==== INPUT DATA ====
lemma two_le_card_part_counts:
  assumes "finite I" "\<forall>k\<in>I. 0 < c k" "i \<in> I" "j \<in> I" "i \<noteq> j" "c i dvd c j"
  shows "2 \<le> card (part_counts I c (c j))"
proof -
  let ?single = "\<lambda>k. if k = j then 1 else 0"
    and ?copies = "\<lambda>k. if k = i then c j div c i else 0"
  have "?single \<noteq> ?copies"
    using fun_cong[of ?single ?copies j] assms(5) by auto
  then have "card {?single, ?copies} = 2"
    by simp
  moreover have "{?single, ?copies} \<subseteq> part_counts I c (c j)"
    using assms by (auto simp: part_counts_def weight_indicator)
  ultimately show ?thesis
    using card_mono[OF finite_part_counts[OF assms(1,2)]] by metis
qed

lemma card_part_counts_le_one:
  assumes "finite I" "i \<in> I" "0 < c i" "\<forall>k\<in>I - {i}. n < c k"
  shows "card (part_counts I c n) \<le> 1"
proof -
  have "x = (\<lambda>k. if k = i then n div c i else 0)" if x: "x \<in> part_counts I c n" for x
  proof -
    have zero: "x k = 0" if "k \<noteq> i" for k
    proof (cases "k \<in> I")
      case True
      have "x k * c k \<le> n"
        using x True assms(1) member_le_sum[of k I "\<lambda>k. x k * c k"]
        by (simp add: part_counts_def weight_def)
      moreover have "n < c k"
        using assms(4) True that by blast
      ultimately show ?thesis
        by (cases "x k") auto
    qed (use x in \<open>simp add: part_counts_def\<close>)
    then have x_eq: "x = (\<lambda>k. if k = i then x i else 0)"
      by auto
    then have "x i * c i = n"
      using x weight_indicator[OF assms(1,2), of c "x i"] by (simp add: part_counts_def)
    then have "x i = n div c i"
      using assms(3) by auto
    with zero show ?thesis
      by auto
  qed
  then have "part_counts I c n \<subseteq> {\<lambda>k. if k = i then n div c i else 0}"
    by blast
  then show ?thesis
    using card_mono[of "{_}"] by fastforce
qed

lemma inverse_one_minus_fps_X_power:
  assumes "0 < k"
  shows "inverse (1 - fps_X ^ k :: 'a::field fps) = Abs_fps (\<lambda>i. if k dvd i then 1 else 0)"
proof (rule fps_inverse_unique, rule fps_ext)
  fix n
  show "fps_nth ((1 - fps_X ^ k) * Abs_fps (\<lambda>i. if k dvd i then 1 else 0 :: 'a)) n
          = fps_nth (1 :: 'a fps) n"
  proof (cases "n < k")
    case True
    then show ?thesis
      using assms by (auto simp: algebra_simps fps_X_power_mult_nth dest: dvd_imp_le)
  next
    case False
    then have "k dvd n \<longleftrightarrow> k dvd (n - k)" by (simp add: dvd_minus_self)
    then show ?thesis
      using False assms by (auto simp: algebra_simps fps_X_power_mult_nth)
  qed
qed

lemma fps_nth_inverse_prod_one_minus_fps_X_power:
  assumes "finite I" "\<forall>i\<in>I. 0 < c i"
  shows "fps_nth (inverse (\<Prod>i\<in>I. 1 - fps_X ^ c i :: 'a::field fps)) n
           = of_nat (card (part_counts I c n))"
  using assms
proof (induction I arbitrary: n rule: finite_induct)
  case empty
  then show ?case by (simp add: part_counts_empty)
next
  case (insert a I)
  let ?K = "{k. k \<le> n \<and> c a dvd k}"
  have "fps_nth (inverse (\<Prod>i\<in>insert a I. 1 - fps_X ^ c i :: 'a fps)) n
        = (\<Sum>k\<le>n. (if c a dvd k then 1 else 0) * of_nat (card (part_counts I c (n - k))))"
    using insert
    by (simp add: fps_inverse_mult fps_mult_nth inverse_one_minus_fps_X_power atLeast0AtMost)
  also have "\<dots> = (\<Sum>k\<in>?K. of_nat (card (part_counts I c (n - k))))"
    by (rule sum.mono_neutral_cong_right) auto
  also have "\<dots> = of_nat (card (SIGMA k:?K. part_counts I c (n - k)))"
    using insert by (simp add: finite_part_counts)
  also have "\<dots> = of_nat (card (part_counts (insert a I) c n))"
    using insert bij_betw_part_counts_insert[of I a c n] by (simp add: bij_betw_same_card)
  finally show ?case .
qed

section \<open>Partitions into parts from two residue classes\<close>

definition part_index :: "nat \<Rightarrow> (nat \<times> bool) set" where
  "part_index L = {..<L} \<times> UNIV"

text \<open>Index \<open>(j, False)\<close> stands for the part \<open>a + m j\<close> of \<open>(q\<^sup>a; q\<^sup>m)\<^sub>L\<close> and
  \<open>(j, True)\<close> for the part \<open>b + m j\<close> of \<open>(q\<^sup>b; q\<^sup>m)\<^sub>L\<close>.\<close>

definition residue_parts :: "nat \<Rightarrow> nat \<Rightarrow> nat \<Rightarrow> nat \<times> bool \<Rightarrow> nat" where
  "residue_parts m a b = (\<lambda>(j, second). (if second then b else a) + m * j)"

lemma residue_parts_simps [simp]:
  "residue_parts m a b (j, False) = a + m * j" "residue_parts m a b (j, True) = b + m * j"
  by (simp_all add: residue_parts_def)

lemma residue_parts_pos: "0 < a \<Longrightarrow> 0 < b \<Longrightarrow> 0 < residue_parts m a b i"
  by (cases i) (simp add: residue_parts_def)

lemma sum_part_index: "(\<Sum>i\<in>part_index L. f i) = (\<Sum>j<L. f (j, False) + f (j, True))"
proof -
  have "(\<Sum>i\<in>part_index L. f i) = (\<Sum>j<L. \<Sum>b\<in>UNIV. f (j, b))"
    by (simp add: part_index_def sum.cartesian_product)
  then show ?thesis by (simp add: UNIV_bool add.commute)
qed

lemma prod_part_index: "(\<Prod>i\<in>part_index L. f i) = (\<Prod>j<L. f (j, False) * f (j, True))"
proof -
  have "(\<Prod>i\<in>part_index L. f i) = (\<Prod>j<L. \<Prod>b\<in>UNIV. f (j, b))"
    by (simp add: part_index_def prod.cartesian_product)
  then show ?thesis by (simp add: UNIV_bool mult.commute)
qed

lemma qpoch_mult_qpoch:
  "qpoch a m L * qpoch b m L = (\<Prod>i\<in>part_index L. 1 - fps_X ^ residue_parts m a b i)"
  by (simp add: prod_part_index qpoch_def residue_parts_def prod.distrib)

lemma fps_nth_inverse_qpoch_mult_qpoch:
  assumes "0 < a" "0 < b"
  shows "fps_nth (inverse (qpoch a m L * qpoch b m L)) n
           = real (card (part_counts (part_index L) (residue_parts m a b) n))"
  unfolding qpoch_mult_qpoch using assms
  by (intro fps_nth_inverse_prod_one_minus_fps_X_power)
     (simp_all add: part_index_def residue_parts_pos)

section \<open>Operations on multiplicity functions\<close>

locale residue_partitions =
  fixes L :: nat
  assumes L_pos: "0 < L"
begin

abbreviation I :: "(nat \<times> bool) set" where
  "I \<equiv> part_index L"

lemma finite_I: "finite I"
  by (simp add: part_index_def)

lemma zero_in_I: "(0, b) \<in> I"
  using L_pos by (simp add: part_index_def)

definition first_count :: "(nat \<times> bool \<Rightarrow> nat) \<Rightarrow> nat" where
  "first_count x = (\<Sum>j<L. x (j, False))"

definition second_count :: "(nat \<times> bool \<Rightarrow> nat) \<Rightarrow> nat" where
  "second_count x = (\<Sum>j<L. x (j, True))"

definition excess :: "(nat \<times> bool \<Rightarrow> nat) \<Rightarrow> int" where
  "excess x = int (first_count x) - int (second_count x)"

text \<open>Reading the multiplicities of \<open>x\<close> with parts \<open>1 + m j\<close>, \<open>a + b - 1 + m j\<close> instead of
  \<open>a + m j\<close>, \<open>b + m j\<close> loses \<open>(a - 1) (first_count x - second_count x)\<close> in weight, which is
  restored as ones. The truncated subtraction makes this meaningful only if
  \<open>second_count x \<le> first_count x\<close>.\<close>

definition transfer :: "nat \<Rightarrow> (nat \<times> bool \<Rightarrow> nat) \<Rightarrow> nat \<times> bool \<Rightarrow> nat" where
  "transfer a x = x((0, False) := x (0, False) + (a - 1) * (first_count x - second_count x))"

definition swap_sides :: "(nat \<times> bool \<Rightarrow> nat) \<Rightarrow> nat \<times> bool \<Rightarrow> nat" where
  "swap_sides x = (\<lambda>(j, second). x (j, \<not> second))"

text \<open>With parts \<open>1 + m j\<close>, \<open>m - 1 + m j\<close>: replace \<open>m - 1\<close> ones by a single part \<open>m - 1\<close>.\<close>

definition merge_ones :: "nat \<Rightarrow> (nat \<times> bool \<Rightarrow> nat) \<Rightarrow> nat \<times> bool \<Rightarrow> nat" where
  "merge_ones m x = x((0, False) := x (0, False) - (m - 1), (0, True) := x (0, True) + 1)"

lemma first_count_fun_upd:
  "first_count (x((0, False) := t)) + x (0, False) = first_count x + t"
  "first_count (x((0, True) := t)) = first_count x"
  using L_pos by (simp_all add: first_count_def sum.remove[of "{..<L}" 0])

lemma second_count_fun_upd:
  "second_count (x((0, True) := t)) + x (0, True) = second_count x + t"
  "second_count (x((0, False) := t)) = second_count x"
  using L_pos by (simp_all add: second_count_def sum.remove[of "{..<L}" 0])

lemma counts_swap_sides:
  "first_count (swap_sides x) = second_count x" "second_count (swap_sides x) = first_count x"
  by (simp_all add: first_count_def second_count_def swap_sides_def)

lemma excess_transfer:
  assumes "second_count x \<le> first_count x" "0 < a"
  shows "excess (transfer a x) = int a * excess x"
proof -
  define k where "k = (a - 1) * (first_count x - second_count x)"
  have "first_count (transfer a x) = first_count x + k"
    using first_count_fun_upd(1)[of x "x (0, False) + k"] by (simp add: transfer_def k_def)
  moreover have "int k = (int a - 1) * excess x"
    using assms by (simp add: k_def excess_def)
  ultimately show ?thesis
    by (simp add: excess_def transfer_def second_count_fun_upd algebra_simps)
qed

lemma excess_swap_sides: "excess (swap_sides x) = - excess x"
  by (simp add: excess_def counts_swap_sides)

lemma excess_merge_ones:
  assumes "m - 1 \<le> x (0, False)" "0 < m"
  shows "excess (merge_ones m x) = excess x - int m"
proof -
  let ?y = "x((0, False) := x (0, False) - (m - 1))"
  have "int (first_count ?y) = int (first_count x) - int (m - 1)"
    using first_count_fun_upd(1)[of x "x (0, False) - (m - 1)"] assms(1) by simp
  moreover have "second_count (merge_ones m x) = second_count ?y + 1"
    using second_count_fun_upd(1)[of ?y "x (0, True) + 1"] by (simp add: merge_ones_def)
  ultimately show ?thesis
    using assms by (simp add: excess_def merge_ones_def first_count_fun_upd second_count_fun_upd)
qed

lemma weight_residue_parts:
  "weight I (residue_parts m a b) x
     = (\<Sum>j<L. x (j, False) * (a + m * j) + x (j, True) * (b + m * j))"
  by (simp add: weight_def sum_part_index)

lemma weight_residue_parts_exchange:
  assumes "0 < a"
  shows "weight I (residue_parts m a b) x + (a - 1) * second_count x
           = weight I (residue_parts m 1 (a + b - 1)) x + (a - 1) * first_count x"
proof -
  have "x (j, False) * (a + m * j) + x (j, True) * (b + m * j) + (a - 1) * x (j, True)
          = x (j, False) * (1 + m * j) + x (j, True) * (a + b - 1 + m * j) + (a - 1) * x (j, False)"
    for j
    using assms by (cases a) (simp_all add: algebra_simps)
  then show ?thesis
    by (simp add: weight_residue_parts first_count_def second_count_def sum_distrib_left
        sum.distrib[symmetric])
qed
lemma tendsto_grid: "0 \<le> c \<Longrightarrow> ((\<lambda>\<tau>. real (nat \<lfloor>c / \<tau>\<rfloor>) * \<tau>) \<longlongrightarrow> c) (at 0 within T)"
  by (rule tendsto_mono[OF at_within_T_le_at_right tendsto_floor_grid])

lemma continuous_on_Xlim:
  assumes "\<And>a. a \<in> {0..t} \<Longrightarrow> H_continuous_at M f (Xlim a)"
  shows "continuous_on {0..t} (\<lambda>a. f (Xlim a))"
proof -
  obtain L where "\<And>a b. a \<in> {0..t} \<Longrightarrow> b \<in> {0..t} \<Longrightarrow> Hnorm M (\<lambda>x. Xlim b x - Xlim a x) \<le> L * \<bar>b - a\<bar>"
    using Xlim_Lipschitz[of t] by blast
  with assms show ?thesis
    by (intro H_continuous_on_curve[where c = Xlim]) (auto intro: Xlim_Hsp)
qed

lemma eventually_grid_bounds:
  assumes "0 \<le> s" "s \<le> t"
  shows "\<forall>\<^sub>F \<tau> in at 0 within T. 0 \<le> real (nat \<lfloor>s / \<tau>\<rfloor>) * \<tau>
    \<and> real (nat \<lfloor>s / \<tau>\<rfloor>) * \<tau> \<le> real (nat \<lfloor>t / \<tau>\<rfloor>) * \<tau> \<and> real (nat \<lfloor>t / \<tau>\<rfloor>) * \<tau> \<le> t"
  using eventually_in_T
proof eventually_elim
  case (elim \<tau>)
  then show ?case
    using floor_grid_bounds(1)[of t \<tau>] assms
    by (auto intro!: mult_right_mono simp: divide_right_mono floor_mono nat_mono)
qed

lemma grid_average_near_Xlim:
  fixes f :: "('a \<Rightarrow> 'a) \<Rightarrow> real"
  assumes near: "\<forall>n a. a \<in> {0..t} \<longrightarrow> real n * \<tau> \<le> t \<longrightarrow> \<bar>a - real n * \<tau>\<bar> \<le> \<tau> \<longrightarrow>
      \<bar>f (X \<tau> n) - f (Xlim a)\<bar> < e"
    and "0 < \<tau>" "real (Suc n) * \<tau> \<le> t" "a \<in> {real n * \<tau>..real (Suc n) * \<tau>}"
  shows "\<bar>f (Xlim a) - (f (X \<tau> n) + f (X \<tau> (Suc n))) / 2\<bar> \<le> e"
proof -
  have "0 \<le> real n * \<tau>"
    using \<open>0 < \<tau>\<close> by simp
  then have "0 \<le> a"
    using assms(4) by (meson atLeastAtMost_iff order_trans)
  with assms(3,4) have "a \<in> {0..t}" "real n * \<tau> \<le> t"
    "\<bar>a - real n * \<tau>\<bar> \<le> \<tau>" "\<bar>a - real (Suc n) * \<tau>\<bar> \<le> \<tau>"
    by (auto simp: algebra_simps)
  with assms(3) have "\<bar>f (X \<tau> n) - f (Xlim a)\<bar> < e" "\<bar>f (X \<tau> (Suc n)) - f (Xlim a)\<bar> < e"
    using near by blast+
  then show ?thesis
    by (simp add: abs_less_iff abs_le_iff field_simps)
qed

lemma eventually_riemann_sum_close:
  assumes "0 \<le> s" "s \<le> t" and cont: "\<And>a. a \<in> {0..t} \<Longrightarrow> H_continuous_at M f (Xlim a)" and "0 < e"
  shows "\<forall>\<^sub>F \<tau> in at 0 within T.
    \<bar>integral {real (nat \<lfloor>s / \<tau>\<rfloor>) * \<tau>..real (nat \<lfloor>t / \<tau>\<rfloor>) * \<tau>} (\<lambda>a. f (Xlim a))
      - \<tau> * (\<Sum>n = nat \<lfloor>s / \<tau>\<rfloor>..<nat \<lfloor>t / \<tau>\<rfloor>. (f (X \<tau> n) + f (X \<tau> (Suc n))) / 2)\<bar> \<le> t * e"
proof -
  have int: "(\<lambda>a. f (Xlim a)) integrable_on {0..t}"
    using continuous_on_Xlim[OF cont] by (rule integrable_continuous_interval)
  have "\<forall>\<^sub>F \<tau> in at 0 within T. \<forall>n a. a \<in> {0..t} \<longrightarrow> real n * \<tau> \<le> t \<longrightarrow> \<bar>a - real n * \<tau>\<bar> \<le> \<tau> \<longrightarrow>
      \<bar>f (X \<tau> n) - f (Xlim a)\<bar> < e"
    using cont \<open>0 < e\<close> by (rule eventually_X_values_near_Xlim)
  with eventually_in_T eventually_grid_bounds[OF assms(1,2)]
  show ?thesis
  proof eventually_elim
    case (elim \<tau>)
    define m where "m = nat \<lfloor>s / \<tau>\<rfloor>"
    define k where "k = nat \<lfloor>t / \<tau>\<rfloor>"
    have mk: "0 \<le> real m * \<tau>" "real m * \<tau> \<le> real k * \<tau>" "real k * \<tau> \<le> t" "m \<le> k"
      using elim by (auto simp: m_def k_def)
    have "\<bar>integral {real m * \<tau>..real k * \<tau>} (\<lambda>a. f (Xlim a))
        - \<tau> * (\<Sum>n = m..<k. (f (X \<tau> n) + f (X \<tau> (Suc n))) / 2)\<bar> \<le> (real k - real m) * \<tau> * e"
    proof (rule integral_grid_riemann_sum)
      show "(\<lambda>a. f (Xlim a)) integrable_on {real m * \<tau>..real k * \<tau>}"
        using mk by (intro integrable_subinterval_real[OF int]) auto
      fix n a
      assume "m \<le> n" "n < k" "a \<in> {real n * \<tau>..real (Suc n) * \<tau>}"
      moreover from \<open>n < k\<close> have "real (Suc n) * \<tau> \<le> t"
        using elim mk(3) by (smt (verit) Suc_leI mult_right_mono of_nat_le_iff)
      ultimately show "\<bar>f (Xlim a) - (f (X \<tau> n) + f (X \<tau> (Suc n))) / 2\<bar> \<le> e"
        using elim by (intro grid_average_near_Xlim) auto
    qed (use elim mk in auto)
    also have "(real k - real m) * \<tau> * e \<le> t * e"
      using mk \<open>0 < e\<close> by (intro mult_right_mono) (auto simp: algebra_simps)
    finally show ?case
      by (simp add: m_def k_def)
  qed
qed
(* Let $p\ge 7$ be a prime. Then (i) $\displaystyle\sum_{k=1}^{p-1}\frac{H_{k-1}}{k^3}\equiv \sum_{k=1}^{p-1}\frac{H_k}{k^3}\equiv 0\pmod{p}$; (ii) $\displaystyle\sum_{k=1}^{p-1}\frac{H_k^3}{k}\equiv\frac{3}{2}\sum_{k=1}^{p-1}\frac{H_k^2}{k^2}\pmod{p}$; (iii) $\displaystyle\sum_{k=1}^{p-1}\frac{H_{k-1,3}}{k}\equiv \sum_{k=1}^{p-1}\frac{H_{k,3}}{k}\equiv 0\pmod{p}$; (iv) $\displaystyle\sum_{k=1}^{p-1}\frac{H_k}{k^2}\equiv \sum_{k=1}^{p-1}\frac{H_k^2}{k}\pmod{p^2}$.
   Context: For positive integers $n,m$, $H_{n,m}=\sum_{k=1}^n 1/k^m$ and $H_n=H_{n,1}$; $H_0=H_{0,m}=0$. Congruences modulo $p^e$ are taken in the ring of rationals with denominators not divisible by $p$ ($a\equiv b\pmod{p^e}$ means $(a-b)/p^e$ is a rational with denominator prime to $p$). *)

theory Defs
  imports Complex_Main "HOL-Computational_Algebra.Primes"
begin

definition Hm :: "nat \<Rightarrow> nat \<Rightarrow> rat" where
  "Hm n m = (\<Sum>k=1..n. 1 / (of_nat k) ^ m)"

definition H :: "nat \<Rightarrow> rat" where
  "H n = Hm n 1"

definition p_integral :: "nat \<Rightarrow> rat \<Rightarrow> bool" where
  "p_integral p x \<longleftrightarrow> \<not> (int p dvd snd (quotient_of x))"

definition cong_rat :: "rat \<Rightarrow> rat \<Rightarrow> nat \<Rightarrow> nat \<Rightarrow> bool" where
  "cong_rat a b p e \<longleftrightarrow> p_integral p ((a - b) / (of_nat p) ^ e)"

end

theory Submission
  imports Defs "HOL-Number_Theory.Cong"
begin

(* On top of this calculus the argument is
   the classical one:
   - reflection k <-> p - k gives 1/(p-k)^m == -1/k^m (mod p) for odd m, hence
     H_{p-1,m} == 0 and H_{p-1-k,m} == H_{k,m} (mod p) for odd m;
   - doubling k -> 2k mod p permutes {1..p-1}, so H_{p-1,m} == 0 (mod p) whenever p does
     not divide 2^m - 1; for m = 4 this is where p >= 7 is needed;
   - a second-order reflection gives H_{p-1,3} == 0 (mod p^2);
   - for odd m, j the sums of H_{k-1,m}/k^j and of H_{k,m}/k^j add up to 0 (mod p) by
     reflection and differ by H_{p-1,m+j}; this yields (i) and (iii);
   - telescoping H_{p-1}^4 and H_{p-1}^3 and expanding binomially expresses the sums in
     (ii) and (iv) through quantities already known to vanish. *)

section \<open>The local ring Z_(p) and divisibility by powers of p\<close>

definition pint :: "nat \<Rightarrow> rat \<Rightarrow> bool" where
  "pint p x \<longleftrightarrow> (\<exists>a b::int. \<not> int p dvd b \<and> x = of_int a / of_int b)"

lemma p_integral_iff_pint:
  assumes "prime p" shows "p_integral p x \<longleftrightarrow> pint p x"
proof
  assume "p_integral p x"
  obtain a b where q: "quotient_of x = (a, b)" by (cases "quotient_of x")
  then show "pint p x" using \<open>p_integral p x\<close> quotient_of_div[OF q]
    unfolding pint_def p_integral_def by auto
next
  assume "pint p x"
  then obtain a b :: int where nb: "\<not> int p dvd b" and x: "x = of_int a / of_int b"
    unfolding pint_def by auto
  obtain a' b' where q: "quotient_of x = (a', b')" by (cases "quotient_of x")
  have "b \<noteq> 0" "b' > 0" using nb quotient_of_denom_pos[OF q] by auto
  with x quotient_of_div[OF q] have "a * b' = a' * b"
    by (simp add: field_simps flip: of_int_mult of_int_eq_iff)
  hence "b' dvd a' * b" by (metis dvd_triv_right)
  hence "b' dvd b"
    using quotient_of_coprime[OF q] by (metis coprime_commute coprime_dvd_mult_right_iff)
  hence "\<not> int p dvd b'" using nb dvd_trans by blast
  thus "p_integral p x" unfolding p_integral_def q by simp
qed

lemma pint_of_int: "prime p \<Longrightarrow> pint p (of_int a)"
  unfolding pint_def by (rule exI[of _ a], rule exI[of _ 1]) (auto simp: prime_gt_1_nat)

lemma pint_of_nat: "prime p \<Longrightarrow> pint p (of_nat a)"
  using pint_of_int[of p "int a"] by simp

lemma pint_inverse_int: "\<not> int p dvd a \<Longrightarrow> pint p (1 / of_int a)"
  unfolding pint_def by (rule exI[of _ 1], rule exI[of _ a]) simp

lemma prime_not_dvd_smaller: "0 < k \<Longrightarrow> k < p \<Longrightarrow> \<not> int p dvd int k"
  by (auto dest: zdvd_imp_le)

lemma odd_prime_not_dvd_power2: "prime (p::nat) \<Longrightarrow> p \<noteq> 2 \<Longrightarrow> \<not> p dvd 2 ^ j"
  using prime_dvd_power primes_dvd_imp_eq two_is_prime_nat by blast

lemma pint_inverse_nat: "0 < k \<Longrightarrow> k < p \<Longrightarrow> pint p (1 / of_nat k)"
  using pint_inverse_int[of p "int k"] prime_not_dvd_smaller[of k p] by simp

lemma pint_add:
  assumes "prime p" "pint p x" "pint p y" shows "pint p (x + y)"
proof -
  obtain a b c d :: int where b: "\<not> int p dvd b" "x = of_int a / of_int b"
    and d: "\<not> int p dvd d" "y = of_int c / of_int d" using assms(2,3) unfolding pint_def by auto
  have "b \<noteq> 0" "d \<noteq> 0" using b d by auto
  hence "x + y = of_int (a * d + c * b) / of_int (b * d)" using b d by (simp add: field_simps)
  moreover have "\<not> int p dvd b * d" using assms(1) b d by (simp add: prime_dvd_mult_iff)
  ultimately show ?thesis unfolding pint_def by blast
qed

lemma pint_mult:
  assumes "prime p" "pint p x" "pint p y" shows "pint p (x * y)"
proof -
  obtain a b c d :: int where b: "\<not> int p dvd b" "x = of_int a / of_int b"
    and d: "\<not> int p dvd d" "y = of_int c / of_int d" using assms(2,3) unfolding pint_def by auto
  hence "x * y = of_int (a * c) / of_int (b * d)" by simp
  moreover have "\<not> int p dvd b * d" using assms(1) b d by (simp add: prime_dvd_mult_iff)
  ultimately show ?thesis unfolding pint_def by blast
qed

lemma pint_uminus: "pint p x \<Longrightarrow> pint p (- x)"
  unfolding pint_def by (metis minus_divide_left of_int_minus)

lemma pint_pow: "prime p \<Longrightarrow> pint p x \<Longrightarrow> pint p (x ^ n)"
  by (induction n) (auto intro: pint_mult pint_of_nat[of p 1, simplified])

lemma pint_sum: "prime p \<Longrightarrow> (\<And>i. i \<in> A \<Longrightarrow> pint p (f i)) \<Longrightarrow> pint p (sum f A)"
  by (induction A rule: infinite_finite_induct) (auto intro: pint_add pint_of_nat[of p 0, simplified])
====
WHAT NEEDS TO BE DONE: Repeat, word for word, the lines above between the line holding "m = (\<Sum>k=1..n." and the line holding "x \<longleftrightarrow> \<not>", inclusive; omit everything else.

EXERCISE SOLUTION:
  "Hm n m = (\<Sum>k=1..n. 1 / (of_nat k) ^ m)"

definition H :: "nat \<Rightarrow> rat" where
  "H n = Hm n 1"

definition p_integral :: "nat \<Rightarrow> rat \<Rightarrow> bool" where
  "p_integral p x \<longleftrightarrow> \<not> (int p dvd snd (quotient_of x))"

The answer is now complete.